Our circRNA profiles show that 2237 circRNAs were differentially expressed among 3 groups (Figure 1A). According to the circRNA microarray results, 1056 circRNAs were differentially expressed between EC and EU, of which 528 circRNAs were upregulated and another 528 circRNAs were downregulated. 1465 circRNAs were differentially expressed in the EC group and the control group, including 842 circRNAs that were upregulated and 623 circRNAs were downregulated. What’s more, 372 circRNAs were found differentially expressed between the EU group and the control group in gross, of which 193 circRNAs of them were upregulated and 179 circRNAs of them were downregulated. The types and the chromosome distribution of these circRNAs are presented in Figure 1B and 1C.
Figure 1

(A) Hierarchical clustering of differentially expressed circular RNAs. (B) Crocs plot showing differently expressed circRNAs on human chromosomes in endometriosis. (C) The typical distribution of differentially expressed circRNAs.

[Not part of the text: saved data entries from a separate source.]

(* For $\psi\in\mathbb{R}$ let $R^{xw}_\psi:\mathbb{R}^4\to\mathbb{R}^4$ be the linear map with matrix $\begin{pmatrix}\cos\psi&0&0&-\sin\psi\\0&1&0&0\\0&0&1&0\\ \sin\psi&0&0&\cos\psi\end{pmatrix}$, and let $Q(\psi)=\pi\big(R^{xw}_\psi(\mathcal{C})\setminus\{(0,0,0,1)\}\big)\subset\mathbb{R}^3$, where $\mathcal{C}=\{(x,y,z,w): x^2+y^2=\tfrac12=z^2+w^2\}$. Then: (i) $Q(0)$ has generalized reflectional symmetry along the $z$-axis. (ii) If $0<|\psi|<\pi/2$, then $Q(\psi)$ has generalized reflectional symmetry along the vertical line $\{(\tan\psi,0,t):t\in\mathbb{R}\}$; and if $0<|\psi|\le\pi/2$, then $Q(\psi)$ has generalized reflectional symmetry along the horizontal line $\{(-\cot\psi,t,0):t\in\mathbb{R}\}$. (iii) Let $R$ be the rotation of $\mathbb{R}^3$ about the $x$-axis by the angle $\pi/2$. Then (a) $Q(\psi+\pi/2)=R(Q(\psi))$ and (b) $Q(\psi+\pi)=Q(\psi)$ for all $\psi$. In particular, $Q(\psi)$ has generalized reflectional symmetry along some line for every $\psi\in\mathbb{R}$.
   Context: Stereographic projection $\pi:\mathbb{S}^3\setminus\{(0,0,0,1)\}\to\mathbb{R}^3$ is $\pi(x,y,z,w)=\frac{1}{1-w}(x,y,z)$, where $\mathbb{S}^3$ is the unit sphere of $\mathbb{R}^4$. For $\mathbf{a}\in\mathbb{R}^3$ and $\rho>0$ let $\psi_{\mathbf{a},\rho}:\mathbb{R}^3\setminus\{\mathbf{a}\}\to\mathbb{R}^3\setminus\{\mathbf{a}\}$, $\psi_{\mathbf{a},\rho}(\mathbf{p})=\rho^2\frac{\mathbf{p}-\mathbf{a}}{|\mathbf{p}-\mathbf{a}|^2}+\mathbf{a}$ (reflection about the sphere of center $\mathbf{a}$, radius $\rho$). A set $Q\subset\mathbb{R}^3$ has generalized reflectional symmetry along a line $l$ if there exist $\mathbf{m}_0\in l$ and $\rho_0>0$ such that for every $\mathbf{a}\in l$, with $\rho=\sqrt{|\mathbf{a}-\mathbf{m}_0|^2+\rho_0^2}$, one has $\psi_{\mathbf{a},\rho}(Q\setminus\{\mathbf{a}\})=Q\setminus\{\mathbf{a}\}$. *)

theory Defs
  imports "HOL-Analysis.Analysis"
begin

type_synonym R3 = "real \<times> real \<times> real"
type_synonym R4 = "real \<times> real \<times> real \<times> real"

definition stereo :: "R4 \<Rightarrow> R3" where
  "stereo = (\<lambda>(x,y,z,w). (x / (1 - w), y / (1 - w), z / (1 - w)))"

definition sphere_inv :: "R3 \<Rightarrow> real \<Rightarrow> R3 \<Rightarrow> R3" where
  "sphere_inv a \<rho> p = (\<rho>^2 / (norm (p - a))^2) *\<^sub>R (p - a) + a"

definition gen_refl_sym :: "R3 set \<Rightarrow> R3 set \<Rightarrow> bool" where
  "gen_refl_sym Q l \<longleftrightarrow>
     (\<exists>m0\<in>l. \<exists>\<rho>0>0. \<forall>a\<in>l.
        sphere_inv a (sqrt ((norm (a - m0))^2 + \<rho>0^2)) ` (Q - {a}) = Q - {a})"

definition clifford :: "R4 set" where
  "clifford = {(x,y,z,w). x^2 + y^2 = 1/2 \<and> z^2 + w^2 = 1/2}"

definition rot_xw :: "real \<Rightarrow> R4 \<Rightarrow> R4" where
  "rot_xw \<psi> = (\<lambda>(x,y,z,w). (cos \<psi> * x - sin \<psi> * w, y, z, sin \<psi> * x + cos \<psi> * w))"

Furthermore, we screened the target circRNAs as the protocol that the P-value <0.05 and FC ≥2 are satisfied at the same time. According to the 2 terms, between EC and EU, 41 circRNAs were upregulated and 107 circRNAs were downregulated (Figure 2A–2D). Between the EC group and the control group, 98 circRNAs were upregulated and 224 circRNAs were downregulated (Figure 2E–2H). Between the EU group and the control group, 49 circRNAs were upregulated and no circRNAs were downregulated (Figure 2I–2L).
Figure 2

(A) Hierarchical clustering of differentially expressed circular RNAs between ectopic endometrium (EC) and eutopic endometrium (EU). The color scale reflects the log2 signal intensity and runs from green (low intensity) to red (strong intensity). (B) Scatter plots show the difference in the expression of circRNAs between EC and EU. (C) Volcano plots illustrated differential expression between 2 different conditions. (D) The cluster shaped bar chart demonstrates the distribution of upregulated and downregulated circRNAs between EC and EU. (E) Hierarchical clustering of differentially expressed circular RNAs between EC and Control. (F) Scatter plots show the difference in the expression of circRNAs between EC and Control. (G) Volcano plots illustrated differential expression between 2 different conditions. (H) The cluster shaped bar chart demonstrates the distribution of upregulated and downregulated circRNAs between EC and Control. (I) Hierarchical clustering of differentially expressed circular RNAs between EU and Control. (J) Scatter plots show the difference in the expression of circRNAs between EU and Control. (K) Volcano plots illustrated differential expression between 2 different conditions. (L) The cluster shaped bar chart demonstrates the distribution of upregulated and downregulated circRNAs between EU and Control. (A, E, I) Each column represents a sample and each row represents a circRNA. The color scale reflects the log2 signal intensity and runs from green (low intensity) to red (strong intensity). (B, F, J) The outermost layer of the circos plot is a chromosome map of the human genome. The increased or decreased circRNAs have been marked in red or green bars, respectively. The second outermost circle represents all target circRNAs detected by sequencing, and the larger inner circle indicates the significantly by whole transcriptome differentially upregulated circRNAs with FC ≥2.0, P<0.05. The smaller inner circle indicates the significantly differentially downregulated circRNAs with FC ≥2.0, P<0.05. (C, G, K) The green vertical lines represent 2.0-FC (log2 scaled) up and down, respectively, and the horizontal green line manifests a P-value of 0.05 (−log10 scaled). The red points in plot denote the differentially expressed circRNAs with statistical significance.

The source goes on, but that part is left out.